It was a losing hand. “My game, I think,” said Will Scott.

The welter of congratulations, of back-slapping and draughts of flat beer and mounting noise hardly penetrated his brain; even when Palmer himself, after upending a pint of ale over his own head and shoulders with thunderous curses, broke into an equal percussion of laughter and embraced him like a son. Scott sat like a marmorean and gently smiling Buddha, the disputed paper safely clutched in his hand, and when he could be heard, spoke mildly. “You can have back all your other stuff if you like. This is all I wanted.”

Surging up, Palmer elbowed his way forcefully to the window and stood with his back to it, flexing his beefy shoulders till the muscles flowed. “What a game. God! What a game. I’ve played in every county in England and up and down France and in and out of Clinton’s boats, but I’ve never met the man who could read my mind like you did. Never. I sat like a bloody plant and you read me as if my brains were thumbing signals from my ears. Where’d you pick it up?”

Scott was hauling on his shirt. “I was taught,” he said invisibly, “by …”

Palmer swept up a fistful of linen and jerked. “What?”

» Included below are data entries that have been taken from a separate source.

(* On $\mathcal M_F$, for every $\ell\ge1$ and $1\le i\le k$: (1) $\nabla^\ell R(\partial_{u_0},\partial_{u_i},\partial_{u_i},\partial_{s_i};\partial_{u_i},\dots,\partial_{u_i})=f_i^{(\ell+1)}(u_i)$. (2) $\nabla^\ell R(\partial_{u_0},\partial_{u_i},\partial_{u_i},\partial_{u_0};\partial_{u_i},\dots,\partial_{u_i})$ is a function of $u_i$ alone, expressible as an algebraic combination of $f_i(u_i)$ and its derivatives. (3) $\nabla^\ell R(X_1,X_2,X_3,X_4;Y_1,\dots,Y_{\ell-1},\partial_{s_i})=0$ for all tangent vectors $X_1,\dots,X_4,Y_1,\dots,Y_{\ell-1}$. (4) $\nabla^\ell R(X_1,X_2,X_3,X_4;Y_1,\dots,Y_{\ell-1},\partial_{u_0})=0$ for all tangent vectors $X_1,\dots,X_4,Y_1,\dots,Y_{\ell-1}$.
   Context: Fix an integer $k\ge 1$ and signs $\varepsilon_1,\dots,\varepsilon_k\in\{\pm1\}$. Let $f_1,\dots,f_k:\mathbb R\to\mathbb R$ be smooth, $F=(f_1,\dots,f_k)$. On $\mathbb R^{3k+2}$ with coordinates $(u_0,\dots,u_k,v_0,\dots,v_k,s_1,\dots,s_k)$ let $g_F$ be the symmetric metric whose only nonzero components on coordinate vector fields are (up to symmetry), for $1\le i\le k$ and $0\le i',j\le k$: $g_F(\partial_{u_0},\partial_{u_i})=2f_i(u_i)s_i$, $g_F(\partial_{u_i},\partial_{u_i})=-2u_0s_i$, $g_F(\partial_{u_{i'}},\partial_{v_j})=\delta_{i'j}$, $g_F(\partial_{s_i},\partial_{s_i})=\varepsilon_i$; $\mathcal M_F=(\mathbb R^{3k+2},g_F)$. $\nabla$ is the Levi-Civita connection, $R(X,Y,Z,W)=g_F(\nabla_X\nabla_YZ-\nabla_Y\nabla_XZ-\nabla_{[X,Y]}Z,W)$, $\nabla^0R=R$, and $\nabla^\ell R(X_1,\dots,X_4;Y_1,\dots,Y_\ell)=(\nabla_{Y_\ell}\nabla^{\ell-1}R)(X_1,\dots,X_4;Y_1,\dots,Y_{\ell-1})$. *)

theory Defs
  imports "HOL-Analysis.Analysis"
begin

text \<open>Points of the coordinate space R^n are represented as functions nat => real;
  only the components with index < n are coordinates. Tangent vectors at a point
  are likewise given by their components (nat => real) in the coordinate frame.
  A metric in coordinates is g a b x = g(partial_a, partial_b) at the point x.\<close>

definition pd :: "nat \<Rightarrow> ((nat \<Rightarrow> real) \<Rightarrow> real) \<Rightarrow> (nat \<Rightarrow> real) \<Rightarrow> real" where
  "pd c h x = deriv (\<lambda>t. h (x(c := t))) (x c)"

text \<open>Christoffel symbols of the first kind: g(nabla_a partial_b, partial_c).\<close>
definition christ1 :: "(nat \<Rightarrow> nat \<Rightarrow> (nat \<Rightarrow> real) \<Rightarrow> real) \<Rightarrow> nat \<Rightarrow> nat \<Rightarrow> nat \<Rightarrow> (nat \<Rightarrow> real) \<Rightarrow> real" where
  "christ1 g a b c x = (pd a (g b c) x + pd b (g a c) x - pd c (g a b) x) / 2"

text \<open>Christoffel symbols of the second kind: christ2 n g a b x m is the m-th
  component of nabla_a partial_b at x (Levi-Civita connection), i.e. the unique
  solution of the linear system given by the first-kind symbols.\<close>
definition christ2 :: "nat \<Rightarrow> (nat \<Rightarrow> nat \<Rightarrow> (nat \<Rightarrow> real) \<Rightarrow> real) \<Rightarrow> nat \<Rightarrow> nat \<Rightarrow> (nat \<Rightarrow> real) \<Rightarrow> nat \<Rightarrow> real" where
  "christ2 n g a b x = (THE v. (\<forall>m. n \<le> m \<longrightarrow> v m = 0) \<and>
      (\<forall>c<n. (\<Sum>m<n. v m * g m c x) = christ1 g a b c x))"

text \<open>Coordinate vector field partial_c, and the covariant derivative nabla_a V of a
  vector field V (given by its components V x p).\<close>
definition coord_field :: "nat \<Rightarrow> (nat \<Rightarrow> real) \<Rightarrow> nat \<Rightarrow> real" where
  "coord_field c = (\<lambda>x p. if p = c then 1 else 0)"

definition cov_vec :: "nat \<Rightarrow> (nat \<Rightarrow> nat \<Rightarrow> (nat \<Rightarrow> real) \<Rightarrow> real) \<Rightarrow> nat
    \<Rightarrow> ((nat \<Rightarrow> real) \<Rightarrow> nat \<Rightarrow> real) \<Rightarrow> (nat \<Rightarrow> real) \<Rightarrow> nat \<Rightarrow> real" where
  "cov_vec n g a V = (\<lambda>x p. pd a (\<lambda>y. V y p) x + (\<Sum>m<n. V x m * christ2 n g a m x p))"

text \<open>Riemann curvature tensor R(partial_a, partial_b, partial_c, partial_d)
  = g(nabla_a nabla_b partial_c - nabla_b nabla_a partial_c, partial_d)
  (the bracket of coordinate fields vanishes).\<close>
definition riem :: "nat \<Rightarrow> (nat \<Rightarrow> nat \<Rightarrow> (nat \<Rightarrow> real) \<Rightarrow> real) \<Rightarrow> nat \<Rightarrow> nat \<Rightarrow> nat \<Rightarrow> nat
    \<Rightarrow> (nat \<Rightarrow> real) \<Rightarrow> real" where
  "riem n g a b c d x = (\<Sum>p<n. (cov_vec n g a (cov_vec n g b (coord_field c)) x p
        - cov_vec n g b (cov_vec n g a (coord_field c)) x p) * g p d x)"

text \<open>Covariant tensor fields are given by their components T x [a_1,...,a_r].
  The covariant derivative nabla T has one more slot, placed last:
  (nabla T)(...; c) = (nabla_c T)(...).\<close>
definition cov_tensor :: "nat \<Rightarrow> (nat \<Rightarrow> nat \<Rightarrow> (nat \<Rightarrow> real) \<Rightarrow> real)
    \<Rightarrow> ((nat \<Rightarrow> real) \<Rightarrow> nat list \<Rightarrow> real) \<Rightarrow> (nat \<Rightarrow> real) \<Rightarrow> nat list \<Rightarrow> real" where
  "cov_tensor n g T = (\<lambda>x is. let c = last is; js = butlast is in
      pd c (\<lambda>y. T y js) x
      - (\<Sum>j<length js. \<Sum>m<n. christ2 n g c (js ! j) x m * T x (js[j := m])))"

definition nabla_R :: "nat \<Rightarrow> (nat \<Rightarrow> nat \<Rightarrow> (nat \<Rightarrow> real) \<Rightarrow> real) \<Rightarrow> nat
    \<Rightarrow> (nat \<Rightarrow> real) \<Rightarrow> nat list \<Rightarrow> real" where
  "nabla_R n g l = (cov_tensor n g ^^ l) (\<lambda>x is. riem n g (is ! 0) (is ! 1) (is ! 2) (is ! 3) x)"
lemma caratheodory_affine:
  assumes c: "caratheodory \<alpha> c" and x: "0 \<le> x"
  shows "caratheodory (x * \<alpha> + (1 - x)) (\<lambda>n. of_real x * c n + (if n = 0 then of_real (1 - x) else 0))"
  unfolding caratheodory_def
proof (intro conjI allI impI)
  have sc: "disc_summable c" and c0: "c 0 = 1" and Re_c: "\<And>z. norm z < 1 \<Longrightarrow> \<alpha> \<le> Re (pseries c z)"
    using c by (auto simp: caratheodory_def)
  show "disc_summable (\<lambda>n. of_real x * c n + (if n = 0 then of_real (1 - x) else 0))"
    by (rule disc_summable_affine[OF sc])
  show "of_real x * c 0 + (if 0 = (0::nat) then of_real (1 - x) else 0) = 1" using c0 by simp
  fix z :: complex assume z: "norm z < 1"
  have "Re (pseries (\<lambda>n. of_real x * c n + (if n = 0 then of_real (1 - x) else 0)) z)
      = x * Re (pseries c z) + (1 - x)"
    using pseries_affine[OF sc z] by simp
  then show "x * \<alpha> + (1 - x) \<le> Re (pseries (\<lambda>n. of_real x * c n + (if n = 0 then of_real (1 - x) else 0)) z)"
    using Re_c[OF z] x by (simp add: mult_left_mono)
qed

lemma integral_Re_pseries_shift_mult_pseries:
  fixes f m :: "nat \<Rightarrow> complex" and \<sigma> \<alpha> :: real
  assumes f: "disc_summable f" and m: "disc_summable m" and \<sigma>: "\<bar>\<sigma>\<bar> < 1" and w: "norm w < 1"
  shows "integral {0..2*pi} (\<lambda>t. (pseries m (of_real \<sigma> * cis t) + cnj (pseries m (of_real \<sigma> * cis t))
            - of_real (2 * \<alpha>)) * pseries f (w * cis (- t)))
    = 2 * pi * (pseries (\<lambda>n. f n * m n) (of_real \<sigma> * w) + f 0 * cnj (m 0) - of_real (2 * \<alpha>) * f 0)"
proof -
  define F where "F = (\<lambda>t. pseries f (w * cis (- t)))"
  define M where "M = (\<lambda>t. pseries m (of_real \<sigma> * cis t))"
  have cont_F: "continuous_on {0..2*pi} F" unfolding F_def
    by (rule continuous_on_pseries_comp[OF f]) (use w in \<open>auto intro!: continuous_intros simp: norm_mult\<close>)
  have cont_M: "continuous_on {0..2*pi} M" unfolding M_def
    by (rule continuous_on_pseries_comp[OF m]) (use \<sigma> in \<open>auto intro!: continuous_intros simp: norm_mult\<close>)
  define D where "D = (\<lambda>t. (M t + cnj (M t) - of_real (2 * \<alpha>)) * F t)"
  have int_D: "D integrable_on {0..2*pi}" and int_F: "F integrable_on {0..2*pi}"
    unfolding D_def by (intro integrable_continuous_interval continuous_intros cont_M cont_F)+
  have "integral {0..2*pi} D
      = integral {0..2*pi} (\<lambda>t. (M t + cnj (M t)) * F t) - of_real (2 * \<alpha>) * integral {0..2*pi} F"
  proof -
    have "integral {0..2*pi} (\<lambda>t. (M t + cnj (M t)) * F t)
        = integral {0..2*pi} (\<lambda>t. D t + of_real (2 * \<alpha>) * F t)"
      by (simp add: D_def algebra_simps)
    also have "\<dots> = integral {0..2*pi} D + of_real (2 * \<alpha>) * integral {0..2*pi} F"
      using int_D int_F by (simp add: integral_add integrable_on_mult_right)
    finally show ?thesis by simp
  qed
  also have "\<dots> = 2 * pi * (pseries (\<lambda>n. f n * m n) (of_real \<sigma> * w) + f 0 * cnj (m 0) - of_real (2 * \<alpha>) * f 0)"
    unfolding M_def F_def integral_Re_pseries_mult_pseries[OF f m \<sigma> w] integral_pseries_circle[OF f w]
    by (simp add: algebra_simps)
  finally show ?thesis by (simp only: D_def M_def F_def)
qed

text \<open>With \<open>z = \<sigma> w\<close>, \<open>Re (f * m)(z) - (2\<alpha> - 1)\<close> is the mean over \<open>t\<close> of
  \<open>Re f(w e\<^sup>-\<^sup>i\<^sup>t) \<cdot> (2 Re m(\<sigma> e\<^sup>i\<^sup>t) - 2\<alpha>)\<close>, a product of non-negative functions.\<close>
lemma caratheodory_hadamard:
  assumes f: "caratheodory 0 f" and m: "caratheodory \<alpha> m"
  shows "caratheodory (2 * \<alpha> - 1) (\<lambda>n. f n * m n)"
proof -
  have sf: "disc_summable f" and f0: "f 0 = 1" and Re_f: "\<And>w. norm w < 1 \<Longrightarrow> 0 \<le> Re (pseries f w)"
    using f by (auto simp: caratheodory_def)
  have sm: "disc_summable m" and m0: "m 0 = 1" and Re_m: "\<And>w. norm w < 1 \<Longrightarrow> \<alpha> \<le> Re (pseries m w)"
    using m by (auto simp: caratheodory_def)
  have "2 * \<alpha> - 1 \<le> Re (pseries (\<lambda>n. f n * m n) z)" if z: "norm z < 1" for z
  proof -
    define \<sigma> where "\<sigma> = (1 + norm z) / 2"
    have \<sigma>: "0 < \<sigma>" "\<sigma> < 1" "norm z < \<sigma>" using z unfolding \<sigma>_def by (simp_all add: add_pos_nonneg field_simps)
    then have abs_\<sigma>: "\<bar>\<sigma>\<bar> < 1" by simp
    define w where "w = z / of_real \<sigma>"
    have w: "norm w < 1" using \<sigma> by (simp add: w_def norm_divide field_simps)
    have zw: "z = of_real \<sigma> * w" using \<sigma> by (simp add: w_def)
    define D where "D = (\<lambda>t. (pseries m (of_real \<sigma> * cis t) + cnj (pseries m (of_real \<sigma> * cis t))
        - of_real (2 * \<alpha>)) * pseries f (w * cis (- t)))"
    have int_D: "D integrable_on {0..2*pi}" unfolding D_def
      by (intro integrable_continuous_interval continuous_intros continuous_on_pseries_comp[OF sm]
          continuous_on_pseries_comp[OF sf])
         (use \<sigma> w in \<open>auto intro!: continuous_intros simp: norm_mult\<close>)
    have "0 \<le> integral {0..2*pi} (\<lambda>t. Re (D t))"
    proof (rule integral_nonneg)
      show "(\<lambda>t. Re (D t)) integrable_on {0..2*pi}"
        using has_integral_Re[OF integrable_integral[OF int_D]] by blast
    next
      fix t :: real
      have "\<alpha> \<le> Re (pseries m (of_real \<sigma> * cis t))" using Re_m \<sigma> by (simp add: norm_mult)
      moreover have "0 \<le> Re (pseries f (w * cis (- t)))" using Re_f w by (simp add: norm_mult)
      ultimately show "0 \<le> Re (D t)" by (simp add: D_def complex_add_cnj)
    qed
    also have "\<dots> = Re (integral {0..2*pi} D)"
      using has_integral_Re[OF integrable_integral[OF int_D]] by (simp add: integral_unique)
    also have "\<dots> = 2 * pi * (Re (pseries (\<lambda>n. f n * m n) z) + 1 - 2 * \<alpha>)"
      unfolding D_def integral_Re_pseries_shift_mult_pseries[OF sf sm abs_\<sigma> w] by (simp add: zw f0 m0)
    finally show ?thesis using pi_gt_zero by (auto simp: zero_le_mult_iff)
  qed
  then show ?thesis unfolding caratheodory_def using disc_summable_hadamard[OF sf sm] f0 m0 by simp
qed

lemma caratheodory_hadamard_shifted:
  assumes p: "caratheodory a p" and a: "a < 1" and q: "caratheodory b q"
  shows "caratheodory (a + (1 - a) * (2 * b - 1)) (\<lambda>n. p n * q n)"
proof -
  have "p 0 = 1" "q 0 = 1" using p q by (simp_all add: caratheodory_def)
  define x where "x = 1 / (1 - a)"
  have x: "0 \<le> x" "(1 - complex_of_real a) * complex_of_real x = 1" "x * a + (1 - x) = 0"
    using a by (simp_all add: x_def field_simps flip: of_real_mult)
  have "caratheodory (x * a + (1 - x)) (\<lambda>n. of_real x * p n + (if n = 0 then of_real (1 - x) else 0))"
    by (rule caratheodory_affine[OF p x(1)])
  then have "caratheodory 0 (\<lambda>n. of_real x * p n + (if n = 0 then of_real (1 - x) else 0))"
    unfolding x(3) .
  from caratheodory_hadamard[OF this q]
  have "caratheodory ((1 - a) * (2 * b - 1) + (1 - (1 - a)))
      (\<lambda>n. of_real (1 - a) * ((of_real x * p n + (if n = 0 then of_real (1 - x) else 0)) * q n)
          + (if n = 0 then of_real (1 - (1 - a)) else 0))"
    by (rule caratheodory_affine) (use a in simp)
  moreover have "(\<lambda>n. of_real (1 - a) * ((of_real x * p n + (if n = 0 then of_real (1 - x) else 0)) * q n)
          + (if n = 0 then of_real (1 - (1 - a)) else 0)) = (\<lambda>n. p n * q n)"
  proof (rule ext)
    fix n
    have "of_real (1 - a) * (of_real x * (p n * q n)) = p n * q n"
      using x(2) by (simp add: mult.assoc[symmetric])
    then show "of_real (1 - a) * ((of_real x * p n + (if n = 0 then of_real (1 - x) else 0)) * q n)
          + (if n = 0 then of_real (1 - (1 - a)) else 0) = p n * q n"
      using \<open>p 0 = 1\<close> \<open>q 0 = 1\<close> by (cases "n = 0") (simp_all add: algebra_simps)
  qed
  ultimately show ?thesis by (simp add: algebra_simps)
qed


section \<open>The series with coefficients 1 / (beta n + 1)\<close>

lemma Re_one_div_one_minus_ge:
  fixes u :: complex assumes u: "norm u < 1"
  shows "1 / (1 + norm u) \<le> Re (1 / (1 - u))"
proof -
  define x y r where "x = Re u" and "y = Im u" and "r = norm u"
  have xy: "x\<^sup>2 + y\<^sup>2 = r\<^sup>2" by (simp add: x_def y_def r_def cmod_power2)
  have r: "0 \<le> r" "r < 1" using u by (simp_all add: r_def)
  have "x\<^sup>2 \<le> r\<^sup>2" using xy by (metis le_add_same_cancel1 zero_le_power2)
  then have "\<bar>x\<bar> \<le> r" using r by (metis abs_le_square_iff abs_of_nonneg)
  then have x: "- r \<le> x" "x \<le> r" by auto
  define D where "D = (1 - x)\<^sup>2 + y\<^sup>2"
  have D: "D = 1 - 2 * x + r\<^sup>2" using xy by (simp add: D_def power2_eq_square algebra_simps)
  have "0 < (1 - r) * (1 - r)" using r by simp
  then have D_pos: "0 < D" using x unfolding D power2_eq_square by (simp add: algebra_simps)
  have "(1 - x) * (1 + r) - D = (r + x) * (1 - r)" unfolding D by (simp add: algebra_simps power2_eq_square)
  moreover have "0 \<le> (r + x) * (1 - r)" using x r by simp
  ultimately have "D \<le> (1 - x) * (1 + r)" by simp
  then have "1 / (1 + r) \<le> (1 - x) / D" using D_pos r by (simp add: field_simps)
  moreover have "Re (1 / (1 - u)) = (1 - x) / D" by (simp add: Re_divide D_def x_def y_def)
  ultimately show ?thesis by (simp add: r_def)
qed

lemma has_integral_powr_power:
  fixes \<beta> :: real assumes \<beta>: "\<beta> > 0"
  shows "((\<lambda>t. (t powr \<beta>) ^ n) has_integral 1 / (\<beta> * real n + 1)) {0..1}"
proof -
  define r where "r = \<beta> * real n + 1"
  have r: "r > 0" unfolding r_def using \<beta> by (simp add: add_nonneg_pos)
  define F where "F = (\<lambda>t::real. t powr r / r)"
  have "((\<lambda>t. (t powr \<beta>) ^ n) has_integral (F 1 - F 0)) {0..1}"
  proof (rule fundamental_theorem_of_calculus_interior_strong[where S="{}"])
    fix x :: real assume x: "x \<in> {0<..<1} - {}"
    have "((\<lambda>t. t powr r) has_real_derivative r * x powr (r - 1)) (at x)"
      by (rule has_real_derivative_powr) (use x in auto)
    then have "(F has_real_derivative (r * x powr (r - 1)) / r) (at x)" unfolding F_def by (rule DERIV_cdivide)
    moreover have "(r * x powr (r - 1)) / r = (x powr \<beta>) ^ n"
    proof -
      have "(r * x powr (r - 1)) / r = x powr (\<beta> * real n)" using r by (simp add: r_def)
      also have "\<dots> = (x powr \<beta>) powr real n" by (simp add: powr_powr)
      also have "\<dots> = (x powr \<beta>) ^ n" by (rule powr_realpow) (use x in simp)
      finally show ?thesis .
    qed
    ultimately show "(F has_vector_derivative (x powr \<beta>) ^ n) (at x)"
      by (simp add: has_real_derivative_iff_has_vector_derivative)
  next
    show "continuous_on {0..1} F" unfolding F_def
      by (intro continuous_intros continuous_on_powr') (use r in auto)
  qed auto
  moreover have "F 1 - F 0 = 1 / (\<beta> * real n + 1)" by (simp add: F_def r_def)
  ultimately show ?thesis by simp
qed

definition recip_linear :: "real \<Rightarrow> nat \<Rightarrow> complex" where
  "recip_linear \<beta> n = complex_of_real (1 / (\<beta> * real n + 1))"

Like the rising sun, Scott’s head reappeared, still talking. “I was taught by a fellow called Jonathan Crouch.”

Sir Thomas’s arms dropped like felled boughs. “An Englishman?”

“Yes.”

“With a wife called Ellen and a tongue with the perishing shakes?”

“Yes.”

“I taught that man to play tarocco!” yelled Sir Thomas.

“Yes, I know,” said Will Scott.

* * *

An hour later he was in Lymond’s room.

The Master was difficult to waken. Under the boy’s insistent fingers he stirred at length, and his weighted lids lifted a little. After a moment he recognized him and said “Scott!” in a voice thickened with opiates. Then his eye caught a movement behind the boy and he turned his head. “… And Mr. Lauder too, I see.”

The lawyer, his clothes rumpled and his hair on end, bowed and shut the door on inquisitive guards. Scott didn’t look around. Instead, he held out the paper with Samuel Harvey’s statement, the superscription lit by the bedside tallow. “It’s Samuel Harvey’s confession,” the boy said. “He made it to Christian at Haddington when he was dying, and it was taken down by their priest. It frees you from every taint of treason.”

The Master’s fingers touched the folded papers, lingering on the broken seal, and delicately flattened them. Scott, watching his downcast eyes, visualized the pages as he had seen them an hour ago, when before his witnesses he had studied his prize.

… summoned from the Princess Mary’s household and taken before the King. Essential to mislead the enemy as to the identity of the spy … Convenient presence of the Scotchman Crawford … Letter to his friends in Scotland already purloined … Forgery affixed and taken north with me …

And the last sentences.

I learned afterwards that, ironically enough, the spy for whom all this trouble was taken died on his next visit to London. Of the others implicated, I have given my word not to mention them, and I do not see that I need do so, since it does not affect the substance of what happened. I am not ashamed of what I did: I obeyed orders in a justifiable act against the enemy.

Although he had reached the last page, the Master did not immediately look up. Scott was glad when at length he spoke. “So she did get her proofs.”

“No one knows what went wrong,” said the boy. “Either she was given the unwritten sheets franked and folded by mistake, or it was a deliberate deception: perhaps Harvey came to regret what he had done. The priest doesn’t know.”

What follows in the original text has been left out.